**Problem Statement:**

* A stroke occurs when the blood supply to part of your brain is interrupted or reduced, preventing brain tissue from getting oxygen and nutrients. Brain cells begin to die in minutes.

* A stroke is a medical emergency, and prompt treatment is crucial. Early action can reduce brain damage and other complications.

**Goal:**

* To create a prediction system to predict the stroke in its early stages.

**Approach:**

* A mixture of SVM, XGBOOST And MLPCLASSIFIER is used to archieve maximum accuracy.
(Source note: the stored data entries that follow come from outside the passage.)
(* Let $(b_N)$ be positive integers with $b_N\to\infty$ and $b_N=o(N)$, let $\sim$ and $(X^{(N)}_{ij})$ satisfy the hypotheses (O1)–(O3), symmetry, centering, unit variance, uniformly bounded moments and independence across $\sim$-classes (as below), and let $A^{(N)}:=\frac{1}{\sqrt{2b_N}}\big(\chi_{[0,b_N]}(|i-j|)X^{(N)}_{ij}\big)_{1\le i,j\le N}$. For $k\in\mathbb N$ set $Y^{(k)}_N:=\frac1N\operatorname{tr}(A^{(N)})^k$. Then $\lim_{N\to\infty}\mathbb V(Y^{(k)}_N)=0$ for all $k\in\mathbb N$.
   Context: Hypotheses: for each $N$, $\sim$ is an equivalence relation on $\{1,\dots,N\}^2$ with $(p,q)\sim(q,p)$ for all $p,q$, satisfying, as $N\to\infty$: (O1) $\max_p\#\{(q,r,s)\in\{1,\dots,N\}^3:(p,q)\sim(r,s)\}=o(b_N^2)$; (O2) $\max_{p,q,r}\#\{s\in\{1,\dots,N\}:(p,q)\sim(r,s)\}\le B<\infty$ with $B$ independent of $N$; (O3) $\#\{(p,q,r)\in\{1,\dots,N\}^3:(p,q)\sim(q,r),\ r\neq p\}=o(b_N^2)$. The $X^{(N)}_{ij}$ are real random variables with $X^{(N)}_{ij}=X^{(N)}_{ji}$, $\mathbb EX^{(N)}_{ij}=0$, $\mathbb E(X^{(N)}_{ij})^2=1$, $\sup_N\max_{i,j}\mathbb E|X^{(N)}_{ij}|^k<\infty$ for all $k$, and for each $N$ the families $\{X^{(N)}_{pq}:(p,q)\in C\}$, $C$ ranging over the distinct $\sim$-classes, are mutually independent. $\chi_{[0,b_N]}(|i-j|)$ equals $1$ if $|i-j|\le b_N$ and $0$ otherwise; $\mathbb V$ denotes variance. *)

theory Defs
  imports "HOL-Probability.Probability" "HOL-Library.Landau_Symbols"
begin

text \<open>Square matrices indexed by \<open>{1..N}\<close>, represented as functions \<open>nat \<Rightarrow> nat \<Rightarrow> real\<close>.\<close>

fun mat_pow :: "nat \<Rightarrow> (nat \<Rightarrow> nat \<Rightarrow> real) \<Rightarrow> nat \<Rightarrow> nat \<Rightarrow> nat \<Rightarrow> real" where
  "mat_pow N A 0 i j = (if i = j then 1 else 0)"
| "mat_pow N A (Suc k) i j = (\<Sum>l\<in>{1..N}. mat_pow N A k i l * A l j)"

definition mat_trace :: "nat \<Rightarrow> (nat \<Rightarrow> nat \<Rightarrow> real) \<Rightarrow> real" where
  "mat_trace N A = (\<Sum>i\<in>{1..N}. A i i)"

definition band_chi :: "nat \<Rightarrow> nat \<Rightarrow> nat \<Rightarrow> real" where
  "band_chi b i j = (if nat \<bar>int i - int j\<bar> \<le> b then 1 else 0)"

definition band_matrix ::
  "(nat \<Rightarrow> nat) \<Rightarrow> (nat \<Rightarrow> nat \<Rightarrow> nat \<Rightarrow> 'a \<Rightarrow> real) \<Rightarrow> nat \<Rightarrow> 'a \<Rightarrow> nat \<Rightarrow> nat \<Rightarrow> real" where
  "band_matrix b X N \<omega> i j = band_chi (b N) i j * X N i j \<omega> / sqrt (2 * real (b N))"

definition Y_stat ::
  "(nat \<Rightarrow> nat) \<Rightarrow> (nat \<Rightarrow> nat \<Rightarrow> nat \<Rightarrow> 'a \<Rightarrow> real) \<Rightarrow> nat \<Rightarrow> nat \<Rightarrow> 'a \<Rightarrow> real" where
  "Y_stat b X k N \<omega> = mat_trace N (mat_pow N (band_matrix b X N \<omega>) k) / real N"

end

theory Submission
  imports Defs
begin

text \<open>Expanding the trace, \<open>Y\<^sub>N\<close> is a weighted sum over closed walks of length \<open>k\<close> of the products
  of the entries along the walk, so \<open>\<bbbV>(Y\<^sub>N)\<close> is a double sum of covariances over pairs of closed
  walks. By independence across classes such a covariance vanishes unless every edge of the pair
  shares its class with another edge and some edge of the first walk shares its class with an edge
  of the second; the moment bounds control all remaining covariances by one constant. Counting those
  pairs vertex by vertex, a step along an edge of a new class stays in the band (\<open>2b+1\<close> choices),
  a step along an edge whose class already occurred has at most \<open>2kB\<close> choices by (O2), and at most
  \<open>k-1\<close> steps open a new class. Hence there are \<open>O(N m\<^sub>N b\<^sup>k\<^sup>-\<^sup>1)\<close> such pairs, where \<open>m\<^sub>N\<close> is the
  maximum in (O1), and \<open>\<bbbV>(Y\<^sub>N) = O(m\<^sub>N / (N b\<^sub>N)) = o(b\<^sub>N/N) \<rightarrow> 0\<close>.\<close>

section \<open>Traces of matrix powers as sums over closed walks\<close>

abbreviation labellings :: "nat \<Rightarrow> nat \<Rightarrow> (nat \<Rightarrow> nat) set" where
  "labellings N n \<equiv> PiE {..<n} (\<lambda>_. {1..N})"

lemma finite_labellings: "finite (labellings N n)"
  by (simp add: finite_PiE)
text \<open>Sequences indexed by Z_0 = Z - {0} are modelled as functions int => complex;
  the value at index 0 is ignored by every definition below.\<close>

definition Z0 :: "int set" where "Z0 = UNIV - {0}"

definition Hs_weight :: "real \<Rightarrow> (int \<Rightarrow> complex) \<Rightarrow> int \<Rightarrow> real" where
  "Hs_weight s v k = (real_of_int \<bar>k\<bar>) powr (2 * s) * (norm (v k))\<^sup>2"

definition in_Hs :: "real \<Rightarrow> (int \<Rightarrow> complex) \<Rightarrow> bool" where
  "in_Hs s v \<longleftrightarrow> (Hs_weight s v) summable_on Z0"

definition Hs_norm :: "real \<Rightarrow> (int \<Rightarrow> complex) \<Rightarrow> real" where
  "Hs_norm s v = sqrt (infsum (Hs_weight s v) Z0)"

definition R3_index :: "int \<Rightarrow> (int \<times> int \<times> int) set" where
  "R3_index k = {(k1, k2, k3). k1 \<noteq> 0 \<and> k2 \<noteq> 0 \<and> k3 \<noteq> 0 \<and> k1 + k2 + k3 = k}"

definition R3_term :: "real \<Rightarrow> (int \<Rightarrow> complex) \<Rightarrow> (int \<Rightarrow> complex) \<Rightarrow> (int \<Rightarrow> complex)
    \<Rightarrow> int \<times> int \<times> int \<Rightarrow> complex" where
  "R3_term t u v w = (\<lambda>(k1, k2, k3).
     exp (\<i> * complex_of_real (3 * real_of_int ((k1 + k2) * (k2 + k3) * (k3 + k1)) * t))
       / of_int k1 * u k1 * v k2 * w k3)"

definition R3 :: "real \<Rightarrow> (int \<Rightarrow> complex) \<Rightarrow> (int \<Rightarrow> complex) \<Rightarrow> (int \<Rightarrow> complex) \<Rightarrow> int \<Rightarrow> complex" where
  "R3 t u v w k = infsum (R3_term t u v w) (R3_index k)"

end

theory Submission
  imports Defs
begin

text \<open>
  Bounding \<open>1 / \<bar>k1\<bar>\<close> by 1, the coefficient \<open>R3(u,v,w)_k\<close> is dominated by the trilinear
  convolution of \<open>\<bar>u\<bar>, \<bar>v\<bar>, \<bar>w\<bar>\<close> over \<open>k1 + k2 + k3 = k\<close>. Since
  \<open>\<bar>k\<bar>^s \<le> 3^s (\<bar>k1\<bar>^s + \<bar>k2\<bar>^s + \<bar>k3\<bar>^s)\<close>, the Sobolev weight can be moved onto
  one factor at a time, and each of the three resulting convolutions is estimated by Young's
  inequality for \<open>l2 * l1 * l1 \<rightarrow> l2\<close>. For \<open>s > 1/2\<close> the \<open>l1\<close> norms are controlled by the
  \<open>H^s\<close> norm through Cauchy-Schwarz, because \<open>\<bar>k\<bar>^(-2s)\<close> is summable over \<open>k \<noteq> 0\<close>.
\<close>

lemma nonneg_summable_on_if_finite_sums_le:
  fixes f :: "'a \<Rightarrow> real"
  assumes "\<And>x. x \<in> A \<Longrightarrow> 0 \<le> f x" and "\<And>F. finite F \<Longrightarrow> F \<subseteq> A \<Longrightarrow> sum f F \<le> B"
  shows "f summable_on A"
  by (rule nonneg_bdd_above_summable_on) (use assms in \<open>auto intro!: bdd_aboveI2\<close>)

lemma sum_le_infsum_nonneg:
  fixes f :: "'a \<Rightarrow> real"
  assumes "\<And>x. x \<in> A \<Longrightarrow> 0 \<le> f x" and "f summable_on A" and "finite F" and "F \<subseteq> A"
  shows "sum f F \<le> infsum f A"
  using infsum_mono_neutral[of f F f A] assms by auto

lemma infsum_weighted_Cauchy_Schwarz:
  fixes f w :: "'a \<Rightarrow> real"
  assumes f_nonneg: "\<And>x. x \<in> A \<Longrightarrow> 0 \<le> f x" and w_nonneg: "\<And>x. x \<in> A \<Longrightarrow> 0 \<le> w x"
    and f2w: "(\<lambda>x. (f x)\<^sup>2 * w x) summable_on A" and w: "w summable_on A"
  shows "(\<lambda>x. f x * w x) summable_on A"
    and "(infsum (\<lambda>x. f x * w x) A)\<^sup>2 \<le> infsum (\<lambda>x. (f x)\<^sup>2 * w x) A * infsum w A"
proof -
  define M where "M = sqrt (infsum (\<lambda>x. (f x)\<^sup>2 * w x) A * infsum w A)"
  have finite_le: "sum (\<lambda>x. f x * w x) F \<le> M" if F: "finite F" "F \<subseteq> A" for F
  proof -
    have "(\<Sum>x\<in>F. (f x * sqrt (w x)) * sqrt (w x))\<^sup>2
        \<le> (\<Sum>x\<in>F. (f x * sqrt (w x))\<^sup>2) * (\<Sum>x\<in>F. (sqrt (w x))\<^sup>2)"
      by (rule Cauchy_Schwarz_ineq_sum)
    also have "\<dots> = (\<Sum>x\<in>F. (f x)\<^sup>2 * w x) * sum w F"
      using F w_nonneg by (auto intro!: arg_cong2[where f = "(*)"] sum.cong simp: power_mult_distrib)
    also have "\<dots> \<le> infsum (\<lambda>x. (f x)\<^sup>2 * w x) A * infsum w A"
      using F f2w w w_nonneg
      by (intro mult_mono sum_le_infsum_nonneg sum_nonneg infsum_nonneg) auto
    also have "(\<Sum>x\<in>F. (f x * sqrt (w x)) * sqrt (w x)) = sum (\<lambda>x. f x * w x) F"
      using F w_nonneg by (auto intro!: sum.cong simp: mult.assoc)
    finally show ?thesis
      unfolding M_def by (rule real_le_rsqrt)
  qed
  show fw: "(\<lambda>x. f x * w x) summable_on A"
    by (rule nonneg_summable_on_if_finite_sums_le[OF _ finite_le]) (use f_nonneg w_nonneg in auto)
  have "0 \<le> infsum (\<lambda>x. f x * w x) A"
    using f_nonneg w_nonneg by (auto intro!: infsum_nonneg)
  moreover have "infsum (\<lambda>x. f x * w x) A \<le> M"
    by (rule infsum_le_finite_sums[OF fw finite_le])
  moreover have "0 \<le> infsum (\<lambda>x. (f x)\<^sup>2 * w x) A * infsum w A"
    using w_nonneg by (auto intro!: mult_nonneg_nonneg infsum_nonneg)
  ultimately show "(infsum (\<lambda>x. f x * w x) A)\<^sup>2 \<le> infsum (\<lambda>x. (f x)\<^sup>2 * w x) A * infsum w A"
    unfolding M_def by (metis power_mono real_sqrt_pow2)
qed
**Import Neccessary Files:**

In [None]:
import pandas as pd
import numpy as np

from sklearn.preprocessing import StandardScaler
from imblearn.over_sampling import SMOTE
from sklearn.model_selection import train_test_split
from sklearn.svm import SVC
from sklearn.ensemble import GradientBoostingClassifier
from sklearn.neural_network import MLPClassifier
from sklearn.metrics import confusion_matrix
from sklearn.metrics import classification_report
from sklearn.metrics import roc_auc_score

**Read Data:**

In [None]:
data = pd.read_csv("../input/stroke-prediction-dataset/healthcare-dataset-stroke-data.csv")

**Analysing Data Read From CSV File:**

In [None]:
data.dtypes

**Data PreProcessing:**

1. As we can see in the above list of datatypes, columns named gender, ever_married, work_type, Residence_type, smoking_status all are of object data type which need to be converted to numerical values before providing them for training the model. So here we mapped them to numerical values such as 1 or 0.  

In [None]:
data["Residence_type"] = data["Residence_type"].apply(lambda x: 1 if x == "Urban" else 0)
data["ever_married"] = data["ever_married"].apply(lambda x: 1 if x == "Yes" else 0)
data["gender"] = data["gender"].apply(lambda x: 1 if x == "Male" else 0)
data = pd.get_dummies(data=data, columns=['smoking_status', 'work_type'])

In [None]:
data.isnull().sum()

2. Before providing data for modelling we need to ensure that our dataset does not contain any null values. But as we can see above "bmi"column has null values which we have filled using mean of the column. 

In [None]:
data['bmi'] = data['bmi'].fillna(data['bmi'].mean())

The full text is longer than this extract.